## Exercise details
All lines from the one containing "add.commute)" through the end of the entries below should appear in the answer exactly, with no others.

## Extracted records
──────────────────────────────

(* Let $w,v$ be two nodes in a syntactically homogeneous (division-free) algebraic circuit $F$ whose nodes carry syntactic-degree upper bounds $\deg'(\cdot)$, and suppose $\deg'(w)>\deg'(v)/2$. Then the polynomial $\partial_w f_v$ has degree at most $\deg'(v)-\deg'(w)$.
   Context: $F$ is a division-free algebraic circuit over $\mathbb Z$ produced by the homogenization construction in which integer leaves are treated like variables: each original node $u$ is duplicated into nodes $[u,i]$, integer and variable leaves $\ell$ give $[\ell,1]=\ell$ and $[\ell,i]=0$ for $i\ne1$, $[u,i]=[u_1,i]+[u_2,i]$ for $u=u_1+u_2$, $[u,i]=\sum_{j+l=i}[u_1,j]\times[u_2,l]$ for $u=u_1\times u_2$; the number $\deg'([u,i])=i$ is the syntactic-degree upper bound of that node (so every $+$ gate has both children with the same $\deg'$, every $\times$ gate has $\deg'$ equal to the sum of its children's, and the polynomial computed at each node has degree at most its $\deg'$). $F$ being syntactically homogeneous means $\deg'(v)=\deg'(v_1)=\deg'(v_2)$ for every $+$ gate $v=v_1+v_2$. For a node $v$, $F_v$ is the subcircuit rooted at $v$ and $f_v$ the polynomial it computes. The polynomial $\partial_wf_v$ is defined by: $0$ if $w$ is not in $F_v$; $1$ if $w=v$; otherwise $\partial_wf_{v_1}+\partial_wf_{v_2}$ if $v=v_1+v_2$; and $(\partial_wf_{v_1})\cdot f_{v_2}$ if $v=v_1\cdot v_2$ with $\deg'(v_1)\ge\deg'(v_2)$, or $v=v_2\cdot v_1$ with $\deg'(v_1)>\deg'(v_2)$. *)

theory Defs
  imports "HOL-Library.Poly_Mapping"
begin

text \<open>Multivariate integer polynomials in variables indexed by nat:
  a monomial is a finitely supported exponent vector finitely supported nat-to-nat map,
  a polynomial is a finitely supported coefficient map on monomials.\<close>
type_synonym mpoly = "(nat \<Rightarrow>\<^sub>0 nat) \<Rightarrow>\<^sub>0 int"

definition mvar :: "nat \<Rightarrow> mpoly" where
  "mvar i = Poly_Mapping.single (Poly_Mapping.single i 1) 1"

text \<open>Total degree (the zero polynomial gets degree 0).\<close>
definition tdeg :: "mpoly \<Rightarrow> nat" where
  "tdeg p = Max (insert 0 ((\<lambda>m. sum (Poly_Mapping.lookup m) (Poly_Mapping.keys m)) ` Poly_Mapping.keys p))"

datatype gate = Var nat | Cst int | Add nat nat | Mul nat nat

text \<open>Well-formed circuit on nodes 0..N-1: children of a gate have smaller index
  (so the circuit is a finite DAG).\<close>
definition wf_circuit :: "(nat \<Rightarrow> gate) \<Rightarrow> nat \<Rightarrow> bool" where
  "wf_circuit C N \<longleftrightarrow> (\<forall>u<N. \<forall>a b. (C u = Add a b \<or> C u = Mul a b) \<longrightarrow> a < u \<and> b < u)"

function evalc :: "(nat \<Rightarrow> gate) \<Rightarrow> nat \<Rightarrow> mpoly" where
  "evalc C u = (case C u of
      Var i \<Rightarrow> mvar i
    | Cst c \<Rightarrow> of_int c
    | Add a b \<Rightarrow> (if a < u \<and> b < u then evalc C a + evalc C b else 0)
    | Mul a b \<Rightarrow> (if a < u \<and> b < u then evalc C a * evalc C b else 0))"
  by pat_completeness auto
termination by (relation "measure (\<lambda>(C,u). u)") auto

definition child :: "(nat \<Rightarrow> gate) \<Rightarrow> nat \<Rightarrow> nat \<Rightarrow> bool" where
  "child C a u \<longleftrightarrow> (\<exists>b. C u = Add a b \<or> C u = Add b a \<or> C u = Mul a b \<or> C u = Mul b a)"

definition in_sub :: "(nat \<Rightarrow> gate) \<Rightarrow> nat \<Rightarrow> nat \<Rightarrow> bool" where
  "in_sub C w v \<longleftrightarrow> (child C)\<^sup>*\<^sup>* w v"

text \<open>The polynomial \<partial>_w f_v, relative to the degree labelling D = deg'.\<close>
function pd :: "(nat \<Rightarrow> gate) \<Rightarrow> (nat \<Rightarrow> nat) \<Rightarrow> nat \<Rightarrow> nat \<Rightarrow> mpoly" where
  "pd C D w v = (if \<not> in_sub C w v then 0 else if w = v then 1 else
     (case C v of
        Add a b \<Rightarrow> (if a < v \<and> b < v then pd C D w a + pd C D w b else 0)
      | Mul a b \<Rightarrow> (if a < v \<and> b < v then
                     (if D a \<ge> D b then pd C D w a * evalc C b
                      else pd C D w b * evalc C a)
                   else 0)
      | _ \<Rightarrow> 0))"
  by pat_completeness auto
termination by (relation "measure (\<lambda>(C,D,w,v). v)") auto

definition deg_labelling :: "(nat \<Rightarrow> gate) \<Rightarrow> nat \<Rightarrow> (nat \<Rightarrow> nat) \<Rightarrow> bool" where
  "deg_labelling C N D \<longleftrightarrow>
     (\<forall>u<N. \<forall>a b. C u = Mul a b \<longrightarrow> D u = D a + D b) \<and>
     (\<forall>u<N. tdeg (evalc C u) \<le> D u)"

definition synt_homogeneous :: "(nat \<Rightarrow> gate) \<Rightarrow> nat \<Rightarrow> (nat \<Rightarrow> nat) \<Rightarrow> bool" where
  "synt_homogeneous C N D \<longleftrightarrow> (\<forall>u<N. \<forall>a b. C u = Add a b \<longrightarrow> D a = D u \<and> D b = D u)"

end

theory Submission
  imports Defs
begin

text \<open>At a \<open>+\<close> gate \<open>\<partial>\<^sub>wf\<^sub>v\<close> is the
  sum of the children's derivatives, all of which carry the same label \<open>deg'(v)\<close>. At a
  \<open>\<times>\<close> gate it is the derivative along one child \<open>v\<^sub>1\<close>, of degree at most
  \<open>deg'(v\<^sub>1) - deg'(w)\<close>, times the polynomial of the other child \<open>v\<^sub>2\<close>, of degree at
  most \<open>deg'(v\<^sub>2)\<close>; since \<open>deg'(v) = deg'(v\<^sub>1) + deg'(v\<^sub>2)\<close> the bound
  \<open>deg'(v) - deg'(w)\<close> propagates. The labels never decrease from a node of \<open>F\<^sub>v\<close> up
  to \<open>v\<close>, so the truncated subtraction is harmless.\<close>

definition monomial_degree :: "(nat \<Rightarrow>\<^sub>0 nat) \<Rightarrow> nat" where
  "monomial_degree m = sum (Poly_Mapping.lookup m) (Poly_Mapping.keys m)"

lemma monomial_degree_add: "monomial_degree (m + n) = monomial_degree m + monomial_degree n"
  unfolding monomial_degree_def
  using setsum_keys_plus_distrib[where f = "\<lambda>_ x. x" and p = m and q = n] by simp

lemma tdeg_le_iff: "tdeg p \<le> k \<longleftrightarrow> (\<forall>m \<in> Poly_Mapping.keys p. monomial_degree m \<le> k)"
  unfolding tdeg_def monomial_degree_def by (simp add: finite_keys)

lemma tdeg_zero [simp]: "tdeg 0 = 0"
  unfolding tdeg_def by simp

lemma tdeg_one [simp]: "tdeg 1 = 0"
  unfolding tdeg_def by simp

lemma tdeg_add_le: "tdeg p \<le> k \<Longrightarrow> tdeg q \<le> k \<Longrightarrow> tdeg (p + q) \<le> k"
  using keys_add[of p q] unfolding tdeg_le_iff by blast

lemma tdeg_mult_le: "tdeg p \<le> k \<Longrightarrow> tdeg q \<le> l \<Longrightarrow> tdeg (p * q) \<le> k + l"
  using keys_mult[of p q] unfolding tdeg_le_iff
  by (fastforce simp: monomial_degree_add intro: add_mono)

lemma tdeg_mult_le_diff:
  assumes "tdeg p \<le> k - j" and "tdeg q \<le> l" and "p \<noteq> 0 \<Longrightarrow> j \<le> k"
  shows "tdeg (p * q) \<le> k + l - j"
proof (cases "p = 0")
  case False
  then show ?thesis using tdeg_mult_le[OF assms(1,2)] assms(3) by simp
qed simp

lemma in_sub_refl: "in_sub C v v"
  unfolding in_sub_def by simp

lemma in_sub_child: "in_sub C w a \<Longrightarrow> child C a v \<Longrightarrow> in_sub C w v"
  unfolding in_sub_def by (rule rtranclp.rtrancl_into_rtrancl)

lemma label_mono_in_sub:
  assumes "wf_circuit C N" "deg_labelling C N D" "synt_homogeneous C N D"
    and "in_sub C w v" and "v < N"
  shows "D w \<le> D v"
  using assms(4,5) unfolding in_sub_def
proof (induction rule: rtranclp_induct)
  case (step u v)
  then obtain b where gate: "C v = Add u b \<or> C v = Add b u \<or> C v = Mul u b \<or> C v = Mul b u"
    unfolding child_def by blast
  with assms(1) \<open>v < N\<close> have "u < v"
    unfolding wf_circuit_def by blast
  with step have "D w \<le> D u" by simp
  also have "D u \<le> D v"
    using gate assms(2,3) \<open>v < N\<close> unfolding deg_labelling_def synt_homogeneous_def by fastforce
  finally show ?case .
qed simp

declare pd.simps [simp del] evalc.simps [simp del]

lemma pd_outside: "\<not> in_sub C w v \<Longrightarrow> pd C D w v = 0"
  by (simp add: pd.simps)

lemma pd_self: "pd C D v v = 1"
  by (simp add: pd.simps in_sub_refl)

lemma pd_leaf: "w \<noteq> v \<Longrightarrow> C v = Var i \<or> C v = Cst c \<Longrightarrow> pd C D w v = 0"
  by (auto simp: pd.simps)

lemma pd_Add:
  assumes "C v = Add a b" "a < v" "b < v" "w \<noteq> v"
  shows "pd C D w v = pd C D w a + pd C D w b"
proof (cases "in_sub C w v")
  case False
  moreover have "child C a v" "child C b v"
    using assms(1) unfolding child_def by auto
  ultimately show ?thesis by (metis add_0 in_sub_child pd_outside)
qed (use assms in \<open>simp add: pd.simps\<close>)

lemma pd_Mul:
  assumes "C v = Mul a b" "a < v" "b < v" "w \<noteq> v"
  shows "pd C D w v =
    (if D b \<le> D a then pd C D w a * evalc C b else pd C D w b * evalc C a)"
proof (cases "in_sub C w v")
  case False
  moreover have "child C a v" "child C b v"
    using assms(1) unfolding child_def by auto
  ultimately show ?thesis by (metis in_sub_child mult_zero_left pd_outside)
qed (use assms in \<open>simp add: pd.simps\<close>)

lemma tdeg_pd_le:
  assumes wf: "wf_circuit C N" and labels: "deg_labelling C N D"
    and hom: "synt_homogeneous C N D" and "v < N"
  shows "tdeg (pd C D w v) \<le> D v - D w"
  using \<open>v < N\<close>
proof (induction v rule: less_induct)
  case (less v)
  have children: "a < v \<and> b < v" if "C v = Add a b \<or> C v = Mul a b" for a b
    using wf less.prems that unfolding wf_circuit_def by blast
  have factor_bound:
    "tdeg (pd C D w x * evalc C y) \<le> D x + D y - D w" if "x < v" "y < v" for x y
  proof (rule tdeg_mult_le_diff)
    show "tdeg (pd C D w x) \<le> D x - D w"
      using less.IH that less.prems by simp
    show "tdeg (evalc C y) \<le> D y"
      using labels that less.prems unfolding deg_labelling_def by simp
    show "D w \<le> D x" if "pd C D w x \<noteq> 0"
      using label_mono_in_sub[OF wf labels hom] pd_outside that \<open>x < v\<close> less.prems
      by (metis order.strict_trans)
  qed
  show ?case
  proof (cases "w = v")
    case False
    show ?thesis
    proof (cases "C v")
      case (Add a b)
      with hom less.prems have "D a = D v" "D b = D v"
        unfolding synt_homogeneous_def by auto
      moreover have "a < v" "b < v"
        using Add children by auto
      ultimately show ?thesis
        using less.IH[of a] less.IH[of b] less.prems
        by (simp add: pd_Add[where C = C and v = v, OF Add \<open>a < v\<close> \<open>b < v\<close> False]
            tdeg_add_le)
    next
      case (Mul a b)
      with labels less.prems have "D v = D a + D b"
        unfolding deg_labelling_def by auto
      moreover have "a < v" "b < v"
        using Mul children by auto
      ultimately show ?thesis
        using factor_bound[of a b] factor_bound[of b a]
        by (simp add: pd_Mul[where C = C and v = v, OF Mul \<open>a < v\<close> \<open>b < v\<close> False]
            add.commute)
    qed (use False pd_leaf in auto)
  qed (simp add: pd_self)
qed

theorem mainTheorem11:
  fixes C :: "nat \<Rightarrow> gate" and N :: nat and D :: "nat \<Rightarrow> nat" and w v :: nat
  assumes "wf_circuit C N"
    and "deg_labelling C N D"
    and "synt_homogeneous C N D"
    and "w < N" and "v < N"
    and "2 * D w > D v"
  shows "tdeg (pd C D w v) \<le> D v - D w"
  using tdeg_pd_le[OF assms(1-3,5)] .

end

──────────────────────────────

## Response to this task
            add.commute)
    qed (use False pd_leaf in auto)
  qed (simp add: pd_self)
qed

theorem mainTheorem11:
  fixes C :: "nat \<Rightarrow> gate" and N :: nat and D :: "nat \<Rightarrow> nat" and w v :: nat
  assumes "wf_circuit C N"
    and "deg_labelling C N D"
    and "synt_homogeneous C N D"
    and "w < N" and "v < N"
    and "2 * D w > D v"
  shows "tdeg (pd C D w v) \<le> D v - D w"
  using tdeg_pd_le[OF assms(1-3,5)] .

end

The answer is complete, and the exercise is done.